If you’re craving a hearty, comforting pasta dish, this Creamy Sausage Rigatoni is the perfect choice. It combines savory Italian sausage, tender rigatoni pasta, and a rich, creamy tomato sauce, creating a meal that feels indulgent yet incredibly easy to make.
The best part? This dish comes together in just 30 minutes, making it perfect for a quick weeknight dinner or a cozy weekend meal. Serve it with crusty bread and a fresh salad, and you’ve got an irresistible Italian-style feast!
Ingredients
For the Pasta & Sauce:
- Rigatoni pasta – 300 g
- Italian sausage (mild or spicy, casings removed) – 400 g
- Olive oil – 1 tbsp (15 ml)
- Garlic cloves, minced – 4
- Yellow onion, finely chopped – 1 medium (100 g)
- Crushed tomatoes – 400 g (1 can)
- Tomato paste – 2 tbsp (30 g)
- Heavy cream – 250 ml (1 cup)
- Chicken broth – 125 ml (½ cup)
- Parmesan cheese, grated – 100 g (1 cup)
- Red pepper flakes – ½ tsp (2 g, optional)
- Salt – 1 tsp (5 g)
- Black pepper – ½ tsp (2 g)
- Dried oregano – 1 tsp (5 g)
- Fresh basil, chopped – 2 tbsp (for garnish)
Step-by-Step Instructions
Step 1: Cook the Rigatoni
- Bring a large pot of salted water to a boil.
- Add the rigatoni and cook according to the package instructions (8–10 minutes) until al dente.
- Reserve ½ cup of pasta water, then drain and set aside.
Step 2: Cook the Sausage
- Heat olive oil in a large skillet over medium-high heat.
- Add the Italian sausage and break it into crumbles with a spoon. Cook for 5–6 minutes, until browned.
- Remove excess grease if necessary, but leave about 1 tbsp for flavor.
Step 3: Sauté the Aromatics
- In the same skillet, add the chopped onion and cook for 2–3 minutes until softened.
- Stir in the minced garlic and cook for 30 seconds, until fragrant.
Step 4: Make the Sauce
- Stir in the tomato paste and cook for 1 minute to deepen the flavor.
- Pour in the crushed tomatoes, chicken broth, and seasonings (oregano, salt, black pepper, and red pepper flakes).
- Let the sauce simmer for 5 minutes, stirring occasionally.
Step 5: Add the Cream & Cheese
- Reduce the heat to low and stir in the heavy cream until fully combined.
- Add the parmesan cheese and stir until melted into the sauce.
Step 6: Combine Everything
- Add the cooked rigatoni to the sauce and toss until well coated.
- If needed, use some reserved pasta water to loosen the sauce.
Step 7: Serve & Enjoy!
- Garnish with fresh basil and extra parmesan cheese.

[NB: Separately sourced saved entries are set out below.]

lemma certificate_union:
  assumes "certificate P X1 Y1" "certificate Q X2 Y2"
  shows "certificate (\<lambda>Z. \<exists>A B. Z = A \<union> B \<and> P A \<and> Q B) (X1 \<union> X2) (Y1 \<union> Y2)"
  unfolding certificate_def
proof (intro conjI allI impI)
  show "Y1 \<union> Y2 \<subseteq> X1 \<union> X2" using assms unfolding certificate_def by auto
  fix Z assume Z: "Y1 \<union> Y2 \<subseteq> Z" "Z \<subseteq> X1 \<union> X2"
  have "P (Z \<inter> X1)" "Q (Z \<inter> X2)" using assms Z unfolding certificate_def by auto
  moreover have "Z = (Z \<inter> X1) \<union> (Z \<inter> X2)" using Z by auto
  ultimately show "\<exists>A B. Z = A \<union> B \<and> P A \<and> Q B" by blast
qed

(* The team X[F/v]; as an abbreviation it matches the right-hand sides of sat.simps for Ex and All. *)
abbreviation supplement :: "'v \<Rightarrow> (('v \<rightharpoonup> 'm) \<Rightarrow> 'm set) \<Rightarrow> ('v \<rightharpoonup> 'm) set \<Rightarrow> ('v \<rightharpoonup> 'm) set" where
  "supplement v F X \<equiv> {s(v \<mapsto> m) | s m. s \<in> X \<and> m \<in> F s}"

lemma certificate_supplement:
  assumes cert: "certificate P (supplement v F X) Y'" and fin: "finite (supplement v F X)"
  shows "\<exists>Y. certificate (\<lambda>Z. P (supplement v F Z)) X Y \<and> card Y \<le> card Y'"
proof -
  have "\<forall>t\<in>Y'. \<exists>p. fst p \<in> X \<and> snd p \<in> F (fst p) \<and> t = (fst p)(v \<mapsto> snd p)"
    using cert unfolding certificate_def by fastforce
  then obtain origin where origin:
    "\<forall>t\<in>Y'. fst (origin t) \<in> X \<and> snd (origin t) \<in> F (fst (origin t)) \<and>
       t = (fst (origin t))(v \<mapsto> snd (origin t))"
    by metis
  let ?Y = "(fst \<circ> origin) ` Y'"
  have covers: "Y' \<subseteq> supplement v F Z" if "?Y \<subseteq> Z" for Z
  proof
    fix t assume "t \<in> Y'"
    then show "t \<in> supplement v F Z"
      using origin that by (intro CollectI exI[of _ "fst (origin t)"] exI[of _ "snd (origin t)"]) auto
  qed
  have "certificate (\<lambda>Z. P (supplement v F Z)) X ?Y"
    unfolding certificate_def
  proof (intro conjI allI impI)
    show "?Y \<subseteq> X" using origin by auto
    fix Z assume "?Y \<subseteq> Z" "Z \<subseteq> X"
    moreover from \<open>Z \<subseteq> X\<close> have "supplement v F Z \<subseteq> supplement v F X" by blast
    ultimately show "P (supplement v F Z)"
      using cert covers unfolding certificate_def by simp
  qed
  moreover have "finite Y'" using cert fin unfolding certificate_def by (meson finite_subset)
  then have "card ?Y \<le> card Y'" by (rule card_image_le)
  ultimately show ?thesis by blast
qed

lemma occ_eq_0_if_notin_deps: "i \<notin> deps \<phi> \<Longrightarrow> occ i \<phi> = 0"
  by (induction \<phi>) auto

lemma finite_deps: "finite (deps \<phi>)"
  by (induction \<phi>) auto

lemma nu_eq_sum:
  assumes "finite S" "deps \<phi> \<subseteq> S"
  shows "nu \<gamma> \<phi> n = (\<Sum>i\<in>S. occ i \<phi> * \<gamma> i n)"
  unfolding nu_def
  by (rule sum.mono_neutral_left) (use assms occ_eq_0_if_notin_deps in auto)

lemma nu_add:
  assumes "deps \<psi> = deps \<phi>1 \<union> deps \<phi>2" "\<And>i. occ i \<psi> = occ i \<phi>1 + occ i \<phi>2"
  shows "nu \<gamma> \<psi> n = nu \<gamma> \<phi>1 n + nu \<gamma> \<phi>2 n"
proof -
  let ?S = "deps \<phi>1 \<union> deps \<phi>2"
  have "finite ?S" by (simp add: finite_deps)
  then show ?thesis
    using nu_eq_sum[of ?S \<psi>] nu_eq_sum[of ?S \<phi>1] nu_eq_sum[of ?S \<phi>2] assms
    by (simp add: sum.distrib distrib_right)
qed

lemma nu_Conj [simp]: "nu \<gamma> (Conj \<phi>1 \<phi>2) n = nu \<gamma> \<phi>1 n + nu \<gamma> \<phi>2 n"
  and nu_Disj [simp]: "nu \<gamma> (Disj \<phi>1 \<phi>2) n = nu \<gamma> \<phi>1 n + nu \<gamma> \<phi>2 n"
  by (rule nu_add; simp)+

lemma nu_Dep [simp]: "nu \<gamma> (Dep i vs) n = \<gamma> i n"
  and nu_Ex [simp]: "nu \<gamma> (Ex v \<phi>) n = nu \<gamma> \<phi> n"
  and nu_All [simp]: "nu \<gamma> (All v \<phi>) n = nu \<gamma> \<phi> n"
  by (simp_all add: nu_def)

lemma finite_team:
  assumes "is_team M V X" "finite M"
  shows "finite X"
proof (rule finite_subset)
  show "X \<subseteq> {s. dom s = V \<and> ran s \<subseteq> M}" using assms unfolding is_team_def by auto
  show "finite {s. dom s = V \<and> ran s \<subseteq> M}"
    using assms unfolding is_team_def by (simp add: finite_set_of_finite_maps)
qed

lemma is_team_supplement:
  assumes "is_team M V X" "\<forall>s\<in>X. F s \<subseteq> M"
  shows "is_team M (insert v V) (supplement v F X)"
  using assms unfolding is_team_def
  by (auto simp: ran_def split: if_splits) blast+

lemma is_team_subset: "is_team M V X \<Longrightarrow> Z \<subseteq> X \<Longrightarrow> is_team M V Z"
  unfolding is_team_def by (meson subsetD)

lemma tuples_subset_lists:
  assumes "is_team M V X" "set vs \<subseteq> V"
  shows "tuples X vs \<subseteq> {xs. length xs = length vs \<and> set xs \<subseteq> M}"
proof -
  have "the (s v) \<in> M" if "s \<in> X" "v \<in> set vs" for s v
  proof -
    from that assms obtain a where "s v = Some a" "ran s \<subseteq> M"
      unfolding is_team_def by blast
    then show ?thesis by (auto simp: ran_def)
  qed
  then show ?thesis unfolding tuples_def by auto
qed

lemma tuples_mono: "Y \<subseteq> Z \<Longrightarrow> tuples Y vs \<subseteq> tuples Z vs"
  unfolding tuples_def by (rule image_mono)

lemma dep_certificate:
  assumes upw: "upwards_closed k Dn" and bdd: "gamma_bounded TYPE('v) k Dn \<gamma>"
    and k: "length vs = k" and "finite M" "M \<noteq> {}" and team: "is_team M V (X :: ('v \<rightharpoonup> 'm) set)"
    and vs: "set vs \<subseteq> V" and "Dn M (tuples X vs)"
  shows "\<exists>Y. certificate (\<lambda>Z. Dn M (tuples Z vs)) X Y \<and> card Y \<le> \<gamma> (card M)"
proof -
  obtain Y where Y: "Y \<subseteq> X" "card Y \<le> \<gamma> (card M)" "Dn M (tuples Y vs)"
    using bdd[unfolded gamma_bounded_def, rule_format, of M V X vs] assms by auto
  have "Dn M (tuples Z vs)" if "Y \<subseteq> Z" "Z \<subseteq> X" for Z
  proof -
    have "tuples Y vs \<subseteq> tuples Z vs" using \<open>Y \<subseteq> Z\<close> by (rule tuples_mono)
    moreover have "tuples Z vs \<subseteq> {xs. length xs = k \<and> set xs \<subseteq> M}"
      using tuples_subset_lists[OF is_team_subset[OF team \<open>Z \<subseteq> X\<close>] vs] k by simp
    ultimately show ?thesis using upw Y(3) unfolding upwards_closed_def by auto
  qed
  with Y show ?thesis unfolding certificate_def by auto
qed

lemma certificate_Ex:
  assumes team: "is_team M V X" and "finite M" and F: "\<forall>s\<in>X. F s \<subseteq> M \<and> F s \<noteq> {}"
    and cert: "certificate (\<lambda>Z. sat M FN RL D Z \<phi>) (supplement v F X) Y'"
  shows "\<exists>Y. certificate (\<lambda>Z. sat M FN RL D Z (Ex v \<phi>)) X Y \<and> card Y \<le> card Y'"
proof -
  have "is_team M (insert v V) (supplement v F X)"
    by (rule is_team_supplement[OF team]) (use F in blast)
  then have "finite (supplement v F X)" using \<open>finite M\<close> by (rule finite_team)
  then obtain Y where Y: "certificate (\<lambda>Z. sat M FN RL D (supplement v F Z) \<phi>) X Y" "card Y \<le> card Y'"
    using certificate_supplement[OF cert] by blast
  have "certificate (\<lambda>Z. sat M FN RL D Z (Ex v \<phi>)) X Y"
  proof (rule certificate_mono[OF Y(1)])
    fix Z assume "Z \<subseteq> X" "sat M FN RL D (supplement v F Z) \<phi>"
    then show "sat M FN RL D Z (Ex v \<phi>)"
      unfolding sat.simps using F by (intro exI[of _ F] conjI) auto
  qed
  with Y(2) show ?thesis by blast
qed

lemma certificate_All:
  assumes team: "is_team M V X" and "finite M"
    and cert: "certificate (\<lambda>Z. sat M FN RL D Z \<phi>) (supplement v (\<lambda>_. M) X) Y'"
  shows "\<exists>Y. certificate (\<lambda>Z. sat M FN RL D Z (All v \<phi>)) X Y \<and> card Y \<le> card Y'"
proof -
  have "is_team M (insert v V) (supplement v (\<lambda>_. M) X)"
    by (rule is_team_supplement[OF team]) simp
  then have "finite (supplement v (\<lambda>_. M) X)" using \<open>finite M\<close> by (rule finite_team)
  then show ?thesis using certificate_supplement[OF cert] by simp
qed

lemma sat_small_certificate:
  fixes \<phi> :: "('f, 'r, 'i, 'v) fml"
  assumes upw: "\<And>i. upwards_closed (ar i) (D i)"
    and bdd: "\<And>i. gamma_bounded TYPE('v) (ar i) (D i) (\<gamma> i)"
    and M: "finite M" "M \<noteq> {}"
  shows "wf_deps ar \<phi> \<Longrightarrow> is_team M V X \<Longrightarrow> fv \<phi> \<subseteq> V \<Longrightarrow> sat M FN RL D X \<phi> \<Longrightarrow>
    \<exists>Y. certificate (\<lambda>Z. sat M FN RL D Z \<phi>) X Y \<and> card Y \<le> nu \<gamma> \<phi> (card M)"
proof (induction \<phi> arbitrary: V X)
  case (Dep i vs)
  then show ?case using dep_certificate[OF upw[of i] bdd[of i] _ M] by simp
next
  case (Conj \<phi>1 \<phi>2)
  obtain Y1 where Y1: "certificate (\<lambda>Z. sat M FN RL D Z \<phi>1) X Y1" "card Y1 \<le> nu \<gamma> \<phi>1 (card M)"
    using Conj.IH(1)[of V X] Conj.prems by auto
  obtain Y2 where Y2: "certificate (\<lambda>Z. sat M FN RL D Z \<phi>2) X Y2" "card Y2 \<le> nu \<gamma> \<phi>2 (card M)"
    using Conj.IH(2)[of V X] Conj.prems by auto
  have "certificate (\<lambda>Z. sat M FN RL D Z (Conj \<phi>1 \<phi>2)) X (Y1 \<union> Y2)"
    using certificate_conj[OF Y1(1) Y2(1)] by simp
  moreover have "card (Y1 \<union> Y2) \<le> nu \<gamma> (Conj \<phi>1 \<phi>2) (card M)"
    using card_Un_le[of Y1 Y2] Y1(2) Y2(2) by simp
  ultimately show ?case by blast
next
  case (Disj \<phi>1 \<phi>2)
  then obtain X1 X2 where X: "X = X1 \<union> X2" "sat M FN RL D X1 \<phi>1" "sat M FN RL D X2 \<phi>2"
    by auto
  have "is_team M V X1" "is_team M V X2"
    using is_team_subset[OF Disj.prems(2)] X(1) by auto
  then obtain Y1 Y2 where
    Y1: "certificate (\<lambda>Z. sat M FN RL D Z \<phi>1) X1 Y1" "card Y1 \<le> nu \<gamma> \<phi>1 (card M)" and
    Y2: "certificate (\<lambda>Z. sat M FN RL D Z \<phi>2) X2 Y2" "card Y2 \<le> nu \<gamma> \<phi>2 (card M)"
    using Disj.IH(1)[of V X1] Disj.IH(2)[of V X2] Disj.prems X by auto
  have "certificate (\<lambda>Z. sat M FN RL D Z (Disj \<phi>1 \<phi>2)) X (Y1 \<union> Y2)"
    using certificate_union[OF Y1(1) Y2(1)] X(1) by simp
  moreover have "card (Y1 \<union> Y2) \<le> nu \<gamma> (Disj \<phi>1 \<phi>2) (card M)"
    using card_Un_le[of Y1 Y2] Y1(2) Y2(2) by simp
  ultimately show ?case by blast
next
  case (Ex v \<phi>)
  then obtain F where F: "\<forall>s\<in>X. F s \<subseteq> M \<and> F s \<noteq> {}"
    and sat_F: "sat M FN RL D (supplement v F X) \<phi>" by auto
  have "is_team M (insert v V) (supplement v F X)"
    by (rule is_team_supplement[OF Ex.prems(2)]) (use F in blast)
  moreover have "wf_deps ar \<phi>" "fv \<phi> \<subseteq> insert v V" using Ex.prems(1,3) by auto
  ultimately obtain Y' where Y': "certificate (\<lambda>Z. sat M FN RL D Z \<phi>) (supplement v F X) Y'"
    "card Y' \<le> nu \<gamma> \<phi> (card M)"
    using Ex.IH sat_F by blast
  then show ?case using certificate_Ex[OF Ex.prems(2) \<open>finite M\<close> F Y'(1)] by (auto intro: le_trans)
next
  case (All v \<phi>)
  have "is_team M (insert v V) (supplement v (\<lambda>_. M) X)"
    by (rule is_team_supplement[OF All.prems(2)]) simp
  moreover have "wf_deps ar \<phi>" "fv \<phi> \<subseteq> insert v V" "sat M FN RL D (supplement v (\<lambda>_. M) X) \<phi>"
    using All.prems(1,3,4) by auto
  ultimately obtain Y' where Y': "certificate (\<lambda>Z. sat M FN RL D Z \<phi>) (supplement v (\<lambda>_. M) X) Y'"
    "card Y' \<le> nu \<gamma> \<phi> (card M)"
    using All.IH by blast
  then show ?case using certificate_All[OF All.prems(2) \<open>finite M\<close> Y'(1)] by (auto intro: le_trans)
qed (auto intro!: exI[of _ "{}"] certificate_trivial simp: nu_def)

- Serve immediately with garlic bread or a side salad.
Serving Suggestions
- With Garlic Bread – Perfect for soaking up the sauce.
- Alongside Roasted Vegetables – A nutritious pairing.
- With a Glass of Red Wine – Pairs beautifully with Chianti or Cabernet Sauvignon.
Nutrition Information (Per Serving – 4 Servings)
- Calories: 700 kcal
- Protein: 35 g
- Fat: 40 g
- Carbohydrates: 55 g
- Fiber: 6 g
- Sodium: 900 mg
Tips & Tricks for the Best Creamy Sausage Rigatoni
✔ Use High-Quality Sausage – Fresh Italian sausage brings the best flavor.
✔ Don’t Overcook the Pasta – Keep it al dente for the best texture.
✔ Want It Lighter? – Swap heavy cream for half-and-half or Greek yogurt.
✔ Make It Spicy – Use hot Italian sausage and extra red pepper flakes.
✔ Want a Thicker Sauce? – Simmer the sauce a little longer before adding the cream.
Extra Additions for More Flavor
- Sautéed Mushrooms – Adds a deep, umami flavor.
- Spinach or Kale – A great way to add greens.
- Sun-Dried Tomatoes – For a sweet, tangy contrast.
- Ricotta Cheese – Dollop on top for extra creaminess.
Make-Ahead & Storage Tips
- Make-Ahead – The sauce can be made a day in advance and stored in the fridge.
- Refrigerate – Store leftovers in an airtight container for up to 3 days.
- Reheat? – Warm on the stove over low heat, adding a splash of cream or broth.
- Freeze? – Freeze the sauce (without the pasta) for up to 2 months.